* What the task asks
Among the lines below, take the one holding "(\<lambda>m. measure M", the one holding "(use prob_sum_sq_std_normal_gt[OF w_dist", and all lines between them. Set them down exactly.

Stored data:
^^^^^^^^^^^^^^^^
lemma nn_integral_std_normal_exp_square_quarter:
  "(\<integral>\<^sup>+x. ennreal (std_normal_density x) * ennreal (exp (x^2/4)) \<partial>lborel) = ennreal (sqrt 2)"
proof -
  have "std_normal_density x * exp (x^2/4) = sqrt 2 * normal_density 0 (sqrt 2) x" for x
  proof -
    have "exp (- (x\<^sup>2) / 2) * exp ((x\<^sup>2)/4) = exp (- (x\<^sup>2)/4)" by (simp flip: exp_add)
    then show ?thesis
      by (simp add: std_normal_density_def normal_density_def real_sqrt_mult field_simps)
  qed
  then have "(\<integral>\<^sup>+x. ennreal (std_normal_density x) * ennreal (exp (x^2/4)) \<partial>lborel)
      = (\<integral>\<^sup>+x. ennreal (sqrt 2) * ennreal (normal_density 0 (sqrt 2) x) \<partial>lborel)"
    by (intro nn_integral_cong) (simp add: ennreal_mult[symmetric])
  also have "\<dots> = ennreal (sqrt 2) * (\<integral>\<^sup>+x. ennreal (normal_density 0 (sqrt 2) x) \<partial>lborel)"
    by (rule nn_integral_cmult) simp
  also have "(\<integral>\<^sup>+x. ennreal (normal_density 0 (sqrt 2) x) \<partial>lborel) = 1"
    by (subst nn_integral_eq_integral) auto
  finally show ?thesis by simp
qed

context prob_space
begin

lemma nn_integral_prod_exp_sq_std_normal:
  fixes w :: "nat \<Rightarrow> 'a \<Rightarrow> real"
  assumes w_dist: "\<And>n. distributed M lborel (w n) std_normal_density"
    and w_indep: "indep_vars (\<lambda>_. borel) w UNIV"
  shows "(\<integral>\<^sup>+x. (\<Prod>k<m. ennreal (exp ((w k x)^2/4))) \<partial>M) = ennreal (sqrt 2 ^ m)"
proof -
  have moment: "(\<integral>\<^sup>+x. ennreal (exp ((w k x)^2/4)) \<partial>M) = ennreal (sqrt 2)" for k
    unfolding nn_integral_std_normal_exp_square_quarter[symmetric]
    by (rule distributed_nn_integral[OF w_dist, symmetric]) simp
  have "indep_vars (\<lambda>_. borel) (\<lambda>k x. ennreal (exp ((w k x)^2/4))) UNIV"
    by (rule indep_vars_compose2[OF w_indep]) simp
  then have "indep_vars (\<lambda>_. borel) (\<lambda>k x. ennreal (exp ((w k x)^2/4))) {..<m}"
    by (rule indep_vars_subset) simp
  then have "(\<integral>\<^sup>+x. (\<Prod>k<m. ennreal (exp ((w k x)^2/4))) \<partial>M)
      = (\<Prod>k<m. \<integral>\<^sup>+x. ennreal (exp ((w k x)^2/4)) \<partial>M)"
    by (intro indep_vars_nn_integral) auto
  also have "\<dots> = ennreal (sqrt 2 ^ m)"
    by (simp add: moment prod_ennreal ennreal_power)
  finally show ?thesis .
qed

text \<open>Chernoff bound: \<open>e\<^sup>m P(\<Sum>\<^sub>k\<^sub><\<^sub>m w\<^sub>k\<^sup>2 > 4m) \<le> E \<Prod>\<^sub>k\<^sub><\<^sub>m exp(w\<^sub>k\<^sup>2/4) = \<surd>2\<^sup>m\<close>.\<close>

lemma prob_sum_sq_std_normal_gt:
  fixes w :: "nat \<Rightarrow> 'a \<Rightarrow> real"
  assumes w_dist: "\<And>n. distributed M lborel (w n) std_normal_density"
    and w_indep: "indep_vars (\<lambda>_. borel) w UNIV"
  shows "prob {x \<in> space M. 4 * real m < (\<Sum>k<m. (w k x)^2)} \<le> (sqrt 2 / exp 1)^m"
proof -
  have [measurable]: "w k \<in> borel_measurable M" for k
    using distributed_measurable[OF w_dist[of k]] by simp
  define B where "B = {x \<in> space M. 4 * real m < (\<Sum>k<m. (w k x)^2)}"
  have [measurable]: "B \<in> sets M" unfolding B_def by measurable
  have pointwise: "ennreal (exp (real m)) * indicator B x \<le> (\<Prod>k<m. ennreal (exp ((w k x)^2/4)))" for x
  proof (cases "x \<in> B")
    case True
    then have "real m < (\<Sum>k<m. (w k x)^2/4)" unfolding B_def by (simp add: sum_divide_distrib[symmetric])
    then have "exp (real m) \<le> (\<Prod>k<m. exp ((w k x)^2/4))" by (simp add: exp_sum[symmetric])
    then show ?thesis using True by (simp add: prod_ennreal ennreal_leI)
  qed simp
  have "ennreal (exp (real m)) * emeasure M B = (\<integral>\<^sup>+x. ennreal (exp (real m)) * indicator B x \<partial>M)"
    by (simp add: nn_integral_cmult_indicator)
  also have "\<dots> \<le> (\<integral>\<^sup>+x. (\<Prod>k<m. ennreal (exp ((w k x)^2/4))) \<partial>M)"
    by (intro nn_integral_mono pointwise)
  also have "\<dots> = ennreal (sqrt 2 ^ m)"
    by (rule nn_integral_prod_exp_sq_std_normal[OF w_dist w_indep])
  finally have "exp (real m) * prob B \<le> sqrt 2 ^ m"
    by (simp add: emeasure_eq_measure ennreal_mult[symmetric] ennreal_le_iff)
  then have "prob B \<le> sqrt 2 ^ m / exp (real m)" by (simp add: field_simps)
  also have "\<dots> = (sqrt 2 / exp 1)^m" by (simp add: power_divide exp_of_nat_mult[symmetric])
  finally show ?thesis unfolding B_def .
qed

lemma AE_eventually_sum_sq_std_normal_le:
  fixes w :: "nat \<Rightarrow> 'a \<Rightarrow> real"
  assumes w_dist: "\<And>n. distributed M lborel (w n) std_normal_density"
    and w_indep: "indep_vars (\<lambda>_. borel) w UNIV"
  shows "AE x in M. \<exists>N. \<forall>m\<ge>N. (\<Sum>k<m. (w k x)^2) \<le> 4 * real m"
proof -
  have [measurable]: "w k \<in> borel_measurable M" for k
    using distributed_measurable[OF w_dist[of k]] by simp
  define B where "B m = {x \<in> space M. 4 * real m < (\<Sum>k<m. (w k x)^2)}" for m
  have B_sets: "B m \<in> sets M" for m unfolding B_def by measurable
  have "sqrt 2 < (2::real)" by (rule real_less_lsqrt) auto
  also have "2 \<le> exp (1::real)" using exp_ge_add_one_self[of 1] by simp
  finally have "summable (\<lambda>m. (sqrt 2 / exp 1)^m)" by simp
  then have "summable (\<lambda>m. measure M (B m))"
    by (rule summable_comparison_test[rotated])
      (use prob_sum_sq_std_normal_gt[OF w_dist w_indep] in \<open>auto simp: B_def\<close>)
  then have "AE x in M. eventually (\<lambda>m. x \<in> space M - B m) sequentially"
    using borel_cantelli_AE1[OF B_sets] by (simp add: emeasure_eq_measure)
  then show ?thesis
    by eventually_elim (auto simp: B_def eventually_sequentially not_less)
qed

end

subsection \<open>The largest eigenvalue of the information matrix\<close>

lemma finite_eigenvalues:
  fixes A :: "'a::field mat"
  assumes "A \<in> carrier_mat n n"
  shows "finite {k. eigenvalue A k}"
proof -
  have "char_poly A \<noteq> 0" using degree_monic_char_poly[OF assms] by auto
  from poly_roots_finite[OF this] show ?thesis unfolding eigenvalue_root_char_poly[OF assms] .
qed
^^^^^^^^^^^^^^^^
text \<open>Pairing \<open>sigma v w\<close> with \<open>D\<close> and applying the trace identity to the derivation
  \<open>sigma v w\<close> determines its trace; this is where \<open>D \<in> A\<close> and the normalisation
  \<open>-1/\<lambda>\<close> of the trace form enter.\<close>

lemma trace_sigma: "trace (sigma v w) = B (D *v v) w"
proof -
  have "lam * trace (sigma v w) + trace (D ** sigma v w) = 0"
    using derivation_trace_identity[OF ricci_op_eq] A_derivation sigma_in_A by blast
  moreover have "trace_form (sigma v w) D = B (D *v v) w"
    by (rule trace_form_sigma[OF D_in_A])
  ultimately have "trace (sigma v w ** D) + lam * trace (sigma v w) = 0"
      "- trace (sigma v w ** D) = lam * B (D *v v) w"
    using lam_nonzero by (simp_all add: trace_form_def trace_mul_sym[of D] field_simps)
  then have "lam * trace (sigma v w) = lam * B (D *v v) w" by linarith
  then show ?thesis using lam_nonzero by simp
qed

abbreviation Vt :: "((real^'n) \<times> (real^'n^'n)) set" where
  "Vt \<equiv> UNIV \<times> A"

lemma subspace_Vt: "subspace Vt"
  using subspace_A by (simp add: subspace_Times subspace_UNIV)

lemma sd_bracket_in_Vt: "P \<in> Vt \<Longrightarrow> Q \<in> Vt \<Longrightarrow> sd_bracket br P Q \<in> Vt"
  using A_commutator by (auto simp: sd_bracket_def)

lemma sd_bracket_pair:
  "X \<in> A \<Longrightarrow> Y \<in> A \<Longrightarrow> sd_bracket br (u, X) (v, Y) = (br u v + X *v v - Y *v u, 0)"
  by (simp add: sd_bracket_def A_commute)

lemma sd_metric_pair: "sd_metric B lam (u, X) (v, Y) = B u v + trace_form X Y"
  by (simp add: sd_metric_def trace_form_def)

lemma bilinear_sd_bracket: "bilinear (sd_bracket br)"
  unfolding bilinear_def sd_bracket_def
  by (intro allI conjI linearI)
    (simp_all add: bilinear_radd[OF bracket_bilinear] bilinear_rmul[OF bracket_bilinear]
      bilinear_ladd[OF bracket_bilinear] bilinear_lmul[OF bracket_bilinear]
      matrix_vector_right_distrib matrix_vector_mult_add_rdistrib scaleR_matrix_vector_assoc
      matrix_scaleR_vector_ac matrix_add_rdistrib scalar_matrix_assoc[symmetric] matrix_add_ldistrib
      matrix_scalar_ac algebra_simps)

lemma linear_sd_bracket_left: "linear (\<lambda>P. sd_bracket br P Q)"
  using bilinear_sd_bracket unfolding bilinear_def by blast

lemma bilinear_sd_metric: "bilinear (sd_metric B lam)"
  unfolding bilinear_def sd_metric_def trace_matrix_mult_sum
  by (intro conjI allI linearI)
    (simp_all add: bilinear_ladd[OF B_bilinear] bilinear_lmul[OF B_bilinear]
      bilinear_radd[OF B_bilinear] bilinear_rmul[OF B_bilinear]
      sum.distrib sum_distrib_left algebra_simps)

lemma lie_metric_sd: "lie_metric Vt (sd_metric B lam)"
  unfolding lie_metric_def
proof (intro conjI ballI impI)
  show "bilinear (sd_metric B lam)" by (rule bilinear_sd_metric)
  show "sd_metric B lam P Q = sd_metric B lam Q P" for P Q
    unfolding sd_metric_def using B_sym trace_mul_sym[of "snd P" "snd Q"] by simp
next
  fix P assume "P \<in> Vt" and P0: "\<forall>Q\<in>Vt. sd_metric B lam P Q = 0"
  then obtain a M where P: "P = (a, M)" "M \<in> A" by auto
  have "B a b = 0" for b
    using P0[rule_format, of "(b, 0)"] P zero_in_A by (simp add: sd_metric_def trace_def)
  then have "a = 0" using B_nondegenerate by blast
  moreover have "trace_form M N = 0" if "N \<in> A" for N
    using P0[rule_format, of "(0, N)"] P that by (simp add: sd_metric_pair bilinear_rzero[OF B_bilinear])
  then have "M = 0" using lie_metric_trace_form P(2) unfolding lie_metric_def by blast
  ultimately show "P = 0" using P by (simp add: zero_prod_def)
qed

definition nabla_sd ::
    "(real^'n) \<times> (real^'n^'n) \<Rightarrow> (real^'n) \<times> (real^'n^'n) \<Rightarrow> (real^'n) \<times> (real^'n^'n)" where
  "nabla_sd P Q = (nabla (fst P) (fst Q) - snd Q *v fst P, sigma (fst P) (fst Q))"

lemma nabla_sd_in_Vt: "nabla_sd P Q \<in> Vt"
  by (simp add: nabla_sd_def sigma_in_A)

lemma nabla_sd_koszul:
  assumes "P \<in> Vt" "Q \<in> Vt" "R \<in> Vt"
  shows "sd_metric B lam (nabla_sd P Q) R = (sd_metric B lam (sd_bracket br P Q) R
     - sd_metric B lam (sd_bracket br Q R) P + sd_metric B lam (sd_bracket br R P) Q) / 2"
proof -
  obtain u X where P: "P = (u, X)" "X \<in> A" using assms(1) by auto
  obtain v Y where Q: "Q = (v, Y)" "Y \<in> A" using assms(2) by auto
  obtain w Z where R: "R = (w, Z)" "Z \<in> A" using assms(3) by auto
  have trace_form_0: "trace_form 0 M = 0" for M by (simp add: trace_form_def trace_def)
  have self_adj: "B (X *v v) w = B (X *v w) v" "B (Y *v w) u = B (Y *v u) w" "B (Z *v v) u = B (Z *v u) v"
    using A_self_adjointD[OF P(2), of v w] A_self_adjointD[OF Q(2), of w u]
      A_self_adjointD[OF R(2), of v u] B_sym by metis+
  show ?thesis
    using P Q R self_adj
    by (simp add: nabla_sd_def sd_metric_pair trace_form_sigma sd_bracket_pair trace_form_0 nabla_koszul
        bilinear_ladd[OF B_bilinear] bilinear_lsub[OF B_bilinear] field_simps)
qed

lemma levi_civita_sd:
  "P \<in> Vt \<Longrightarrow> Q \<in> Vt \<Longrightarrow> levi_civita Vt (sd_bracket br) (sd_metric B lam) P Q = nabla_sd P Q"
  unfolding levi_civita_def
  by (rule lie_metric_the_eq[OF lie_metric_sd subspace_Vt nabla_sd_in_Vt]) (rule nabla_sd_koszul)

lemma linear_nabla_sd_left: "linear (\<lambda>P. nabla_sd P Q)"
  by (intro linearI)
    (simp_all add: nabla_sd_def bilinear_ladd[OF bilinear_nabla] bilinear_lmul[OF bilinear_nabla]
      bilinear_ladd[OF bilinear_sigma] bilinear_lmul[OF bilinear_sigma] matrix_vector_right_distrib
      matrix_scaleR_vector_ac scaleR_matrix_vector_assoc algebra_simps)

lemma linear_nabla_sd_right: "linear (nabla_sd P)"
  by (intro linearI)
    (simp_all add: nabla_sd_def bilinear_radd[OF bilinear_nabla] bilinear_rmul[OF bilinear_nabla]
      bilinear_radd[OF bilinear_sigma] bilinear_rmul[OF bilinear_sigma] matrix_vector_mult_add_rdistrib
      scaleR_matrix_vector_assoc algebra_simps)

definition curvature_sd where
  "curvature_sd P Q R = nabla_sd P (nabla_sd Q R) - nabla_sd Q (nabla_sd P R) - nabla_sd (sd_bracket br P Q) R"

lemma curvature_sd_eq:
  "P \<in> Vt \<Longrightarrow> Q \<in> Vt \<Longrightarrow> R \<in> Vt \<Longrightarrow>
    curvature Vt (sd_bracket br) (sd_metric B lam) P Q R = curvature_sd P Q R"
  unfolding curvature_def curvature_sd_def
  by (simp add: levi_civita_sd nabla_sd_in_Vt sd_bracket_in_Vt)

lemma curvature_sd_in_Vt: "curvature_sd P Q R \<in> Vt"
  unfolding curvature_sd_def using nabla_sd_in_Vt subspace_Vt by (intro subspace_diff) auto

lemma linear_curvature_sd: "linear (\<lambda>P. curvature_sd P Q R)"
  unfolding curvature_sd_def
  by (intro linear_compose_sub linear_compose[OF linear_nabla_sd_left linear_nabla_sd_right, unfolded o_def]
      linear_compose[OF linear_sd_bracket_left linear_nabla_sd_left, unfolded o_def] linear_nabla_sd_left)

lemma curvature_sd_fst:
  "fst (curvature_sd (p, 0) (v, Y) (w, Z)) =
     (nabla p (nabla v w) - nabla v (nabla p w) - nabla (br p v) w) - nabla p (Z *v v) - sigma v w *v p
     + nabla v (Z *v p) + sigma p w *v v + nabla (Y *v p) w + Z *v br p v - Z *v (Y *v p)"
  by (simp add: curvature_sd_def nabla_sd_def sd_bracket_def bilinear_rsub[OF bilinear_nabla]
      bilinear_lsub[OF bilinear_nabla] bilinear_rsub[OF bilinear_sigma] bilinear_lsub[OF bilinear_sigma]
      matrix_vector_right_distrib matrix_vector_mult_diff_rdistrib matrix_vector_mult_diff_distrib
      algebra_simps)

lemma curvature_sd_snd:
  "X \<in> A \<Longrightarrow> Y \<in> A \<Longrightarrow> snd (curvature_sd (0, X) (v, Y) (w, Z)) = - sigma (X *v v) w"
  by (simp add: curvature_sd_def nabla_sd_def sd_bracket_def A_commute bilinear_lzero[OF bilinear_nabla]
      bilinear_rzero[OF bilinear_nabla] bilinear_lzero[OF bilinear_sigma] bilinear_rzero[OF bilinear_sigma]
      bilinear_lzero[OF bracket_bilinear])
^^^^^^^^^^^^^^^^
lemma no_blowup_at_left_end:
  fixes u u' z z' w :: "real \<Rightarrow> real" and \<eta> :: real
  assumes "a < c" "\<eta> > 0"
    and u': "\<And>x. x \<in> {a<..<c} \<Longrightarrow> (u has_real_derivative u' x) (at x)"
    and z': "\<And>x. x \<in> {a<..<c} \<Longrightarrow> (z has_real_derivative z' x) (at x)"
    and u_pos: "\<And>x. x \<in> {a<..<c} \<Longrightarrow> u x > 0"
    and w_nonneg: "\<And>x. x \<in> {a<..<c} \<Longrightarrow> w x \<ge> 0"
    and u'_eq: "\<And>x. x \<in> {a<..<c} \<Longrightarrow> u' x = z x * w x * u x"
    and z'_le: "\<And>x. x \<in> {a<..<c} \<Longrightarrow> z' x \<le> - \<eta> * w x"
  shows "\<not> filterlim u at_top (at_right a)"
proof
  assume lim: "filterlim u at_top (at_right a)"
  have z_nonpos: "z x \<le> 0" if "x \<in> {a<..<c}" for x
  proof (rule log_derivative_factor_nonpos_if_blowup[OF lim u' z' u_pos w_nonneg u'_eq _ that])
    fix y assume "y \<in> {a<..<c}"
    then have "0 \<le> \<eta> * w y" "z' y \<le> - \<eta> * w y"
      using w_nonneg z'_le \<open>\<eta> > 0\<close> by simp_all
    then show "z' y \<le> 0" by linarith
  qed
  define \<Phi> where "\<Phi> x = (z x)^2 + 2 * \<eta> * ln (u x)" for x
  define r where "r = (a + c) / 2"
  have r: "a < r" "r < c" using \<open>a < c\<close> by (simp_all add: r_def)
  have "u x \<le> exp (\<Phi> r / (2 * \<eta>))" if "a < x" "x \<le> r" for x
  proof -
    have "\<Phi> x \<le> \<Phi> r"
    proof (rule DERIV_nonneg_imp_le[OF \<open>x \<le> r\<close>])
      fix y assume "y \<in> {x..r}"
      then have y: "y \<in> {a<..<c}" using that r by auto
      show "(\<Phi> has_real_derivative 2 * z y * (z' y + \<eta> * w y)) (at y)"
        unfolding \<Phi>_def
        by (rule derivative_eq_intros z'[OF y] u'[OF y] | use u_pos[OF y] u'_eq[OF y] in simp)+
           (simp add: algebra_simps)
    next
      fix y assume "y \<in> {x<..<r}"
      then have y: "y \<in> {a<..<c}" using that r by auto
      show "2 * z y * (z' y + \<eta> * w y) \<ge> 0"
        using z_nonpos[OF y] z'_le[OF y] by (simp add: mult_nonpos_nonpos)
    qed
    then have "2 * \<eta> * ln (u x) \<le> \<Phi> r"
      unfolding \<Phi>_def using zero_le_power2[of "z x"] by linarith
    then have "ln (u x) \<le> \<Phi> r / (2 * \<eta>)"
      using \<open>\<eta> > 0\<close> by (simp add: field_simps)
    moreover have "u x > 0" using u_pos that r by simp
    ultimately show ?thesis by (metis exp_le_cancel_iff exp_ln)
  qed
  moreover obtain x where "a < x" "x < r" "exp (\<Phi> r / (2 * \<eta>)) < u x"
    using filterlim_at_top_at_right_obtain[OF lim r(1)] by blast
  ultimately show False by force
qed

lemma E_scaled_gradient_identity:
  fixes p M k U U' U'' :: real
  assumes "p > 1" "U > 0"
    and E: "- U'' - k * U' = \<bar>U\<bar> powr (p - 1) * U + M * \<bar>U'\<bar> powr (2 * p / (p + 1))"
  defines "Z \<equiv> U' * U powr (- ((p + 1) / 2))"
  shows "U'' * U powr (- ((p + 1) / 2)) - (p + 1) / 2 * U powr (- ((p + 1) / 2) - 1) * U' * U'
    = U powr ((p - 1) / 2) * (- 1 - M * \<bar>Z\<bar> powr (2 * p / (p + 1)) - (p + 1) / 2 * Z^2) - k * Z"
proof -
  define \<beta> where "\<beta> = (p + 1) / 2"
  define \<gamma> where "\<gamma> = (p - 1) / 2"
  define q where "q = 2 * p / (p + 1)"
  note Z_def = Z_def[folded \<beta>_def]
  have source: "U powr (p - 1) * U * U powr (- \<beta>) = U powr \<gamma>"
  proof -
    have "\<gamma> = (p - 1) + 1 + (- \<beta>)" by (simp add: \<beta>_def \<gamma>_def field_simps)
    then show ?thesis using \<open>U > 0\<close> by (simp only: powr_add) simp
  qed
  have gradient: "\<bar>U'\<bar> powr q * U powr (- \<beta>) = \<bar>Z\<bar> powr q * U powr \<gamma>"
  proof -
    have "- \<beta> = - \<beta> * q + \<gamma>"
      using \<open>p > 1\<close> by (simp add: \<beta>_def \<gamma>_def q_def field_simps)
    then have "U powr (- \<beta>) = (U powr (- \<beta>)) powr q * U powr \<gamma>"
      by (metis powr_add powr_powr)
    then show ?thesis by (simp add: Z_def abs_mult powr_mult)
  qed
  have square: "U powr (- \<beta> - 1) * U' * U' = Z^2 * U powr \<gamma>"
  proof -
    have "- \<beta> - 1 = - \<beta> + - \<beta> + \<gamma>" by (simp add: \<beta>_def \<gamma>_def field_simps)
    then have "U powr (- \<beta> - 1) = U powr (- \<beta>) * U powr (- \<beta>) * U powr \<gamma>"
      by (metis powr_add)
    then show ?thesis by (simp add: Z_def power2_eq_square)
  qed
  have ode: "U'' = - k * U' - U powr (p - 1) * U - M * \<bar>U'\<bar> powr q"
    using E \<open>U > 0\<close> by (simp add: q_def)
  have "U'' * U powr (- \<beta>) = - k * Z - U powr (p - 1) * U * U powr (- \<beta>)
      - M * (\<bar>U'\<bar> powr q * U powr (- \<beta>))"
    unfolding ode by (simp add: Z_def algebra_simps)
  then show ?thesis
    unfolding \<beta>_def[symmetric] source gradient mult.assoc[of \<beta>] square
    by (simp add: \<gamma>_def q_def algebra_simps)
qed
^^^^^^^^^^^^^^^^
* Solved problem
  then have "summable (\<lambda>m. measure M (B m))"
    by (rule summable_comparison_test[rotated])
      (use prob_sum_sq_std_normal_gt[OF w_dist w_indep] in \<open>auto simp: B_def\<close>)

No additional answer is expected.